Polyploidy is only an erroneous multiplication of existing genetic material, and hybridization is nothing more or less than selective breeding.
"Erroneous"? In what way?
As discussed in the links I provided earlier (and by gluadys), polyploidy often leads to reproductive isolation, whereby the daughter population is no longer able to breed with the parent population. This has been demonstrated in the Salsify plant, for example. It is this genetic isolation that ultimately leads to speciation. This is well-accepted, 1-year biology. How is it wrong?
Hybrid speciation, though rare, occurs in nature also. It is the product of interbreeding between two closely related, but geographically isolated, species. The Mariana Mallard duck is an (extinct) example of a species produced via hybridization.
And selection most absolutely has nothing to do with the development of new genetic material.
You're right. Selection acts on genotypic variation to produce speciation. It does not create "new genetic material" on its own. I agree.
You're equating speciation with mutation, though, which is wrong.
The earliest "demonstration" of evolution in progress that I personally remember is a butterfly population in England. Supposedly, in earlier days the population was 90% white. But afterward, when the industrial revolution had turned the countryside black, that population was found to be 90% black.
But this demonstration wholly neglected that fact that the black variant already existed when the supposed demonstration began.
I think you misunderstood the experiment (involving peppered moths, not butterflies).
The experiment demonstrated the power of natural selection to favour particular phenotypes in just a few generations. It did not seek to explain how those colour variants came about (mutation causes variation). You can read more about the experiment here:
http://www.millerandlevine.com/km/evol/Moths/moths.html
What was actually demonstrated, supposing the alleged facts were indeed correct, was nothing more than natural selection. But the evolutionists hailed it as a proof of evolution!
It was proof of the
mechanism of evolution, yes.
Your assertion is really an admission that the scientific method cannot be applied to evolutionary theory. All of the fields you mentioned (even much of ecology) are connected with the false premise that evolution is science.
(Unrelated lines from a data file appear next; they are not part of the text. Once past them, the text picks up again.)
lemma cluster_point_zero:
  assumes "strict_mono r" and "(z \<circ> r) \<longlonglongrightarrow> l"
  shows "l \<in> zeros"
proof -
  have "(\<lambda>j. z (r j) - (z (r j) - prox_point (r j))) \<longlonglongrightarrow> l - 0"
    using assms LIMSEQ_subseq_LIMSEQ[OF iterate_minus_prox_point_tendsto_zero]
    by (intro tendsto_diff) (auto simp: o_def)
  moreover have "(\<lambda>j. prox_value (r j)) \<longlonglongrightarrow> 0"
    using LIMSEQ_subseq_LIMSEQ[OF prox_value_tendsto_zero assms(1)] by (simp add: o_def)
  ultimately show ?thesis
    using maximal_monotone_graph_closed[OF T_mm prox_value_in_graph] by simp
qed

text \<open>The \<open>M\<^sub>k\<close>-distance to a cluster point \<open>l\<close> converges, and along the subsequence it is
  eventually at most \<open>\<surd>\<Lambda> \<parallel>z\<^sup>k - l\<parallel>\<close>, so its limit is zero.\<close>

lemma iterates_converge: "\<exists>l. z \<longlonglongrightarrow> l \<and> l \<in> zeros"
proof -
  obtain l r where r: "strict_mono r" and zr: "(z \<circ> r) \<longlonglongrightarrow> l"
    using bounded_imp_convergent_subsequence[OF bounded_iterates] by blast
  have l: "l \<in> zeros" by (rule cluster_point_zero[OF r zr])
  define d where "d k = Mnorm (M k) (z k - l)" for k
  have "convergent d" using Mnorm_convergent[OF l] by (simp add: d_def[abs_def])
  then obtain L where L: "d \<longlonglongrightarrow> L" by (auto simp: convergent_def)
  obtain \<Lambda> where \<Lambda>: "eventually (\<lambda>k. lambda_max (M k) \<le> \<Lambda>) sequentially"
    using M_eventually_bounded by blast
  have "(d \<circ> r) \<longlonglongrightarrow> 0"
  proof (rule tendsto_sandwich[OF _ _ tendsto_const])
    show "eventually (\<lambda>j. 0 \<le> (d \<circ> r) j) sequentially"
      by (simp add: d_def Mnorm_nonneg[OF M_sapd])
    show "eventually (\<lambda>j. (d \<circ> r) j \<le> sqrt \<Lambda> * norm (z (r j) - l)) sequentially"
      using eventually_subseq[OF r \<Lambda>]
    proof eventually_elim
      case (elim j)
      have "sqrt (lambda_max (M (r j))) * norm (z (r j) - l) \<le> sqrt \<Lambda> * norm (z (r j) - l)"
        using elim by (intro mult_right_mono) auto
      then show ?case
        using Mnorm_le_lambda_max[OF M_sapd, of "r j" "z (r j) - l"] by (simp add: d_def)
    qed
    have "(\<lambda>j. z (r j) - l) \<longlonglongrightarrow> 0"
      using zr by (simp add: o_def LIM_zero)
    then show "(\<lambda>j. sqrt \<Lambda> * norm (z (r j) - l)) \<longlonglongrightarrow> 0"
      using tendsto_mult_right_zero tendsto_norm_zero by blast
  qed
  then have "L = 0" using LIMSEQ_subseq_LIMSEQ[OF L r] LIMSEQ_unique by blast
  then have lim: "(\<lambda>k. d k / sqrt lmin) \<longlonglongrightarrow> 0"
    using L by (simp add: tendsto_divide_zero)
  have "(\<lambda>k. norm (z k - l)) \<longlonglongrightarrow> 0"
    by (rule tendsto_sandwich[OF _ _ tendsto_const lim]) (simp_all add: d_def norm_le_Mnorm_iterate)
  then show ?thesis using l by (auto simp: tendsto_norm_zero_iff LIM_zero_iff)
qed

end

theorem mainTheorem3:
  fixes T :: "'a::euclidean_space \<Rightarrow> 'a set"
    and c :: "nat \<Rightarrow> real" and M :: "nat \<Rightarrow> 'a \<Rightarrow> 'a"
    and nu :: "nat \<Rightarrow> real" and lmin linf :: real
    and z :: "nat \<Rightarrow> 'a" and eps :: "nat \<Rightarrow> real"
  assumes T_mm: "maximal_monotone T"
    and c_pos: "\<And>k. 0 < c k"
    and c_away: "\<exists>cmin>0. \<forall>k. cmin \<le> c k"
    and M_sapd: "\<And>k. self_adjoint_pd (M k)"
    and M_var: "\<And>k. loewner_ge (\<lambda>x. (1 + nu k) *\<^sub>R M k x) (M (Suc k))"
    and M_lb: "\<And>k. loewner_ge (M k) (\<lambda>x. lmin *\<^sub>R x)"
    and M_limsup: "limsup (\<lambda>k. ereal (lambda_max (M k))) = ereal linf"
    and nu_nonneg: "\<And>k. 0 \<le> nu k" and nu_summable: "summable nu"
    and lam: "lmin > 0" "linf \<ge> lmin"
    and Omega_ne: "{w. 0 \<in> T w} \<noteq> {}"
    and crit_A: "\<And>k. Mnorm (M k) (z (Suc k) - prox_op (M k) (c k) T (z k)) \<le> eps k"
    and eps_nonneg: "\<And>k. 0 \<le> eps k" and eps_summable: "summable eps"
  shows "bounded (range z) \<and>
         (\<forall>k. Mdist (M (Suc k)) (z (Suc k)) {w. 0 \<in> T w}
              \<le> (1 + nu k) * Mdist (M k) (z k) {w. 0 \<in> T w} + (1 + nu k) * eps k) \<and>
         (\<exists>zlim. z \<longlonglongrightarrow> zlim \<and> 0 \<in> T zlim)"
proof -
  have "limsup (\<lambda>k. ereal (lambda_max (M k))) < ereal (linf + 1)"
    using M_limsup by simp
  from Limsup_lessD[OF this] have "eventually (\<lambda>k. lambda_max (M k) \<le> linf + 1) sequentially"
    by (simp add: eventually_mono)
  then interpret inexact_vm_ppa T c M nu lmin z eps
    using T_mm c_pos c_away M_sapd M_var M_lb nu_nonneg nu_summable lam(1) Omega_ne crit_A
      eps_nonneg eps_summable
    by unfold_locales blast+
  show ?thesis using bounded_iterates Mdist_recursion iterates_converge by blast
qed

end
But the scientific method CAN be applied to evolutionary theory. The scientific method is illustrated here:
Note that nowhere is a control specified. Controls are great to have, and add credibility to one's explanation of the results, but as I stated earlier, they are not always possible. This doesn't make palaeontology, ecology, geology, or astronomy unscientific.
I well remember an article that was published in the (peer reviewed) Journal of Geology. The article was about human-like footprints that occurred in Cretaceous strata over a wide area in the eastern United States. The article ended with a statement to the effect that:
But such information is not only ignored, it is often actively suppressed. Adherents of evolutionary theory have gone so far as to go to court to prevent excavation (on private property) of fossil sites where such footprints have been observed.
I doubt very much that such an article was published in the Journal of Geology. Are you sure you aren't thinking about one of the YEC magazines? Perhaps you can cite the article you were referring to?
For what it's worth, even Answers in Genesis recognizes that those supposed human footprints were just artifacts of erosion:
http://www.answersingenesis.org/home/area/faq/dont_use.asp
(They also admit to speciation.)
In geology, we were taught that the geological record showed gradual changes. But upon examination of the data the same professors presented, it became obvious that the record actually showed a long series of stable ecosystems that suddenly appeared, flourished virtually unchanged for long periods of time, and then suddenly vanished, only to be suddenly replaced by a different stable ecosystem.
So the alleged continuum simply does not exist.
The fossil record does show gradual change, when the resolution is fine enough. We can see this in both the invertebrate and vertebrate record. I can provide you with papers, if you would like, although a picture speaks a thousand words:
Heck, I just published on a new transitional species of mosasaur in the Canadian Journal of Earth Science last August. And my supervisor has a paper in press describing a new transitional species of fossil frog. (Keep an eye out!)
(Out of curiosity, how long has it been since you were last in school, Biblewriter? An awful lot of new data/fossils have come to light in the last 30 years.)